Frage geschrieben am 27.02.2010 14:43:23
Kokainbesitz: Geldstrafe angemessen und weitere Folgen
Rechtsgebiet: Strafrecht | Einsatz: € *** | Status: Beantwortet | Aufrufe: 3326ich wurde auf dem Oktoberfest 2009 mit 0,2 Gramm Kokain von einem Beamten der Zivilpolizei erwischt und diesbzgl. wurden meine Personalien aufgenommen.
Heute habe ich einen Strafbefehl des Amtsgerichts München erhalten in dem mir vorgeworfen wird, dass ich 0,21 Gramm Kokain "wissentlich und willentlich" bei mir führte. Das Betäubungsmittel hatte einen nachweislichen Wirkstoffgehalt der jedoch unter 5% liegt.
Ich werde daher beschuldigt, Betäubungsmittel besessen zu haben und mich somit strafbar gemacht zu haben. Gegen mich wurde eine Geldstrafe in Höhe von 40 Tagessätzen verhängt. Der Tagessatz wurde auf 40,-€ festgesetzt. Die Geldstrafe beträgt somit insgesamt 1.600,-€.
Hierzu nun meine Fragen:
1. Ist die Höhe der Geldstrafe angemessen?

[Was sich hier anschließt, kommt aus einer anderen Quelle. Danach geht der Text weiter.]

(* The superconnecting filter $\mathcal{F}_\infty$ of the Kirch space satisfies $$\mathcal{F}_\infty=\{B\subseteq\mathbb{N}:\exists q\in\mathbb{N}\text{ odd and square-free with }q\mathbb{N}\subseteq B\}.$$
   Context: $\mathbb{N}=\{1,2,\dots\}$, $\mathbb{N}_0=\{0\}\cup\mathbb{N}$, $q\mathbb{N}=\{qn:n\in\mathbb{N}\}$. The Kirch topology $\tau_K$ on $\mathbb{N}$ is generated by the base of all $a+b\mathbb{N}_0=\{a+bn:n\in\mathbb{N}_0\}$ with $a,b\in\mathbb{N}$ coprime and $b$ square-free (not divisible by the square of a prime). Closures are in $\tau_K$. The superconnecting filter is $\mathcal{F}_\infty=\{B\subseteq\mathbb{N}:\exists n\in\mathbb{N}\ \exists U_1,\dots,U_n\in\tau_K\setminus\{\emptyset\}\ (\overline{U_1}\cap\dots\cap\overline{U_n}\subseteq B)\}$. *)

theory Defs
  imports "HOL-Analysis.Analysis" "HOL-Computational_Algebra.Squarefree"
begin

definition Npos :: "nat set" where "Npos = {n. n \<ge> 1}"

definition arith_prog :: "nat \<Rightarrow> nat \<Rightarrow> nat set" where
  "arith_prog a b = {a + b * n | n. True}"

definition kirch_base :: "nat set set" where
  "kirch_base = {arith_prog a b | a b. a \<ge> 1 \<and> b \<ge> 1 \<and> coprime a b \<and> squarefree b}"

definition kirch_topology :: "nat topology" where
  "kirch_topology = topology_generated_by kirch_base"

definition mult_set :: "nat \<Rightarrow> nat set" where
  "mult_set q = {q * n | n. n \<ge> 1}"

definition superconnecting_filter :: "nat set set" where
  "superconnecting_filter = {B. B \<subseteq> Npos \<and>
     (\<exists>n \<ge> 1. \<exists>U :: nat \<Rightarrow> nat set.
        (\<forall>i<n. openin kirch_topology (U i) \<and> U i \<noteq> {}) \<and>
        (\<Inter>i<n. kirch_topology closure_of (U i)) \<subseteq> B)}"

end

theory Submission
  imports Defs
begin

text \<open>
  Every point x of an open set has a basic neighbourhood x + d N_0 with d squarefree and
  coprime to x. If y is a multiple of the odd part b' of a squarefree b and y + d N_0 is such a
  neighbourhood of y, then gcd d b is coprime to b' and divides 2 b', hence divides 2; when it
  equals 2, both y and a are odd. So y and a agree modulo gcd d b, and by the Chinese remainder
  theorem y + d N_0 meets a + b N_0: the closure of a + b N_0 contains b' N. Taking lcms, every
  finite intersection of closures of nonempty open sets contains q N for an odd squarefree q.

  Conversely, let q be odd and squarefree. If x is not divisible by a prime p dividing q, then
  x + p N_0 is a neighbourhood of x that meets only one of the residue classes 1 and 2 modulo
  the odd prime p, so x is not in both closures of 1 + q N_0 and 2 + q N_0. Hence the
  intersection of these two closures lies in q N.
\<close>

lemma squarefree_lcm:
  fixes a b :: "'a :: {factorial_semiring_gcd, normalization_semidom_multiplicative}"
  assumes "squarefree a" "squarefree b"
  shows "squarefree (lcm a b)"
proof -
  have nz: "a \<noteq> 0" "b \<noteq> 0"
    using assms by auto
  have "multiplicity p (lcm a b) \<le> 1" if "prime p" for p
    using that assms nz by (simp add: multiplicity_lcm squarefree_factorial_semiring'')
  moreover have "lcm a b \<noteq> 0"
    using nz by (simp add: lcm_eq_0_iff)
  ultimately show ?thesis
    by (simp add: squarefree_factorial_semiring'')
qed

lemma squarefree_dvd_if_prime_divisors_dvd:
  fixes q x :: "'a :: factorial_semiring"
  assumes "squarefree q" "x \<noteq> 0" and prime_dvd: "\<And>p. prime p \<Longrightarrow> p dvd q \<Longrightarrow> p dvd x"
  shows "q dvd x"
proof -
  have "q \<noteq> 0"
    using assms(1) by auto
  have "multiplicity p q \<le> multiplicity p x" if p: "prime p" for p
  proof (cases "p dvd q")
    case True
    then have "0 < multiplicity p x"
      using prime_dvd p assms(2) by (simp add: prime_multiplicity_gt_zero_iff)
    moreover have "multiplicity p q \<le> 1"
      using assms(1) \<open>q \<noteq> 0\<close> p by (simp add: squarefree_factorial_semiring'')
    ultimately show ?thesis by linarith
  qed (simp add: not_dvd_imp_multiplicity_0)
  then show ?thesis
    using \<open>q \<noteq> 0\<close> assms(2) by (simp add: prime_multiplicity_le_imp_dvd)
qed

lemma odd_lcm_nat:
  fixes q r :: nat
  assumes "odd q" "odd r"
  shows "odd (lcm q r)"
proof
  assume "even (lcm q r)"
  moreover have "lcm q r dvd q * r"
    by (simp add: lcm_least)
  ultimately have "even (q * r)"
    by (rule dvd_trans)
  then show False
    using assms by simp
qed

lemma coprime_lcm_right_nat:
  fixes x d e :: nat
  assumes "coprime x d" "coprime x e"
  shows "coprime x (lcm d e)"
proof -
  have "lcm d e dvd d * e"
    by (simp add: lcm_least)
  then show ?thesis
    using assms by (meson coprime_divisors coprime_mult_right_iff dvd_refl)
qed

lemma mem_arith_prog_self: "a \<in> arith_prog a b"
  by (auto simp: arith_prog_def intro: exI[of _ 0])

lemma arith_prog_antimono:
  assumes "d dvd e"
  shows "arith_prog x e \<subseteq> arith_prog x d"
  using assms by (auto simp: arith_prog_def mult.assoc)

lemma arith_prog_subset_if_mem:
  assumes "y \<in> arith_prog a b"
  shows "arith_prog y b \<subseteq> arith_prog a b"
proof
  fix z assume "z \<in> arith_prog y b"
  then obtain k n where "y = a + b * k" "z = y + b * n"
    using assms by (auto simp: arith_prog_def)
  then have "z = a + b * (k + n)"
    by (simp add: algebra_simps)
  then show "z \<in> arith_prog a b"
    by (auto simp: arith_prog_def)
qed

lemma coprime_if_mem_arith_prog:
  assumes "y \<in> arith_prog a b" "coprime a b"
  shows "coprime y b"
proof -
  obtain k where "y = a + b * k"
    using assms(1) by (auto simp: arith_prog_def)
  then show ?thesis
    using assms(2) by (metis coprime_iff_gcd_eq_1 gcd.commute gcd_add_mult add.commute mult.commute)
qed

lemma arith_prog_meet_if_le:
  fixes a b d x :: nat
  assumes "b \<noteq> 0" "a \<le> x" "x mod gcd d b = a mod gcd d b"
  shows "\<exists>n m. x + d * n = a + b * m"
proof -
  obtain s where s: "x = a + gcd d b * s"
    using assms(2,3) by (auto elim: mod_eq_nat1E)
  obtain u v where uv: "b * u = d * v + gcd b d"
    using bezout_nat[OF assms(1)] by blast
  have "b * (u * s) = (b * u) * s"
    by (simp only: mult.assoc)
  also have "\<dots> = d * (v * s) + gcd d b * s"
    unfolding uv by (simp add: gcd.commute algebra_simps)
  finally have "a + b * (u * s) = x + d * (v * s)"
    using s by simp
  then show ?thesis
    by metis
qed

lemma arith_prog_Int_nonempty_iff:
  fixes a b d x :: nat
  assumes "d \<noteq> 0" "b \<noteq> 0"
  shows "arith_prog x d \<inter> arith_prog a b \<noteq> {} \<longleftrightarrow> x mod gcd d b = a mod gcd d b"
proof
  assume "arith_prog x d \<inter> arith_prog a b \<noteq> {}"
  then obtain n m where nm: "x + d * n = a + b * m"
    by (auto simp: arith_prog_def)
  obtain k l where "d = gcd d b * k" "b = gcd d b * l"
    by (meson dvdE gcd_dvd1 gcd_dvd2)
  with nm have "(x + gcd d b * (k * n)) mod gcd d b = (a + gcd d b * (l * m)) mod gcd d b"
    by (metis mult.assoc)
  then show "x mod gcd d b = a mod gcd d b"
    by simp
next
  assume cong: "x mod gcd d b = a mod gcd d b"
  have "\<exists>n m. x + d * n = a + b * m"
  proof (cases "a \<le> x")
    case True
    then show ?thesis
      using arith_prog_meet_if_le assms cong by blast
  next
    case False
    then show ?thesis
      using arith_prog_meet_if_le[of d x a b] assms cong by (metis gcd.commute nat_le_linear)
  qed
  then show "arith_prog x d \<inter> arith_prog a b \<noteq> {}"
    by (auto simp: arith_prog_def)
qed

lemma topspace_kirch_topology: "topspace kirch_topology = Npos"
proof -
  have "x \<in> arith_prog 1 1" if "x \<in> Npos" for x
  proof -
    have "x = 1 + 1 * (x - 1)"
      using that by (simp add: Npos_def)
    then show ?thesis
      unfolding arith_prog_def by blast
  qed
  moreover have "arith_prog 1 1 \<in> kirch_base"
    unfolding kirch_base_def by (intro CollectI exI[of _ "1::nat"]) simp
  moreover have "\<Union>kirch_base \<subseteq> Npos"
    by (auto simp: kirch_base_def arith_prog_def Npos_def)
  ultimately show ?thesis
    unfolding kirch_topology_def by auto
qed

M.E. handelt es sich um eine sehr geringfügige Menge. Zudem lag der Wirkstoffgehalt unter 5%. Ich habe in verschiedenen Foren gelesen, dass bei einem derartigen Tatbestand mit rund 300,-€ zu rechnen sei. Daher war ich etwas überrascht, das die Strafe mit 1.600,-€ doch recht hoch ausfällt.
2. Würden Sie empfehlen dagegen Einspruch einzulegen oder anstandslos zu zahlen?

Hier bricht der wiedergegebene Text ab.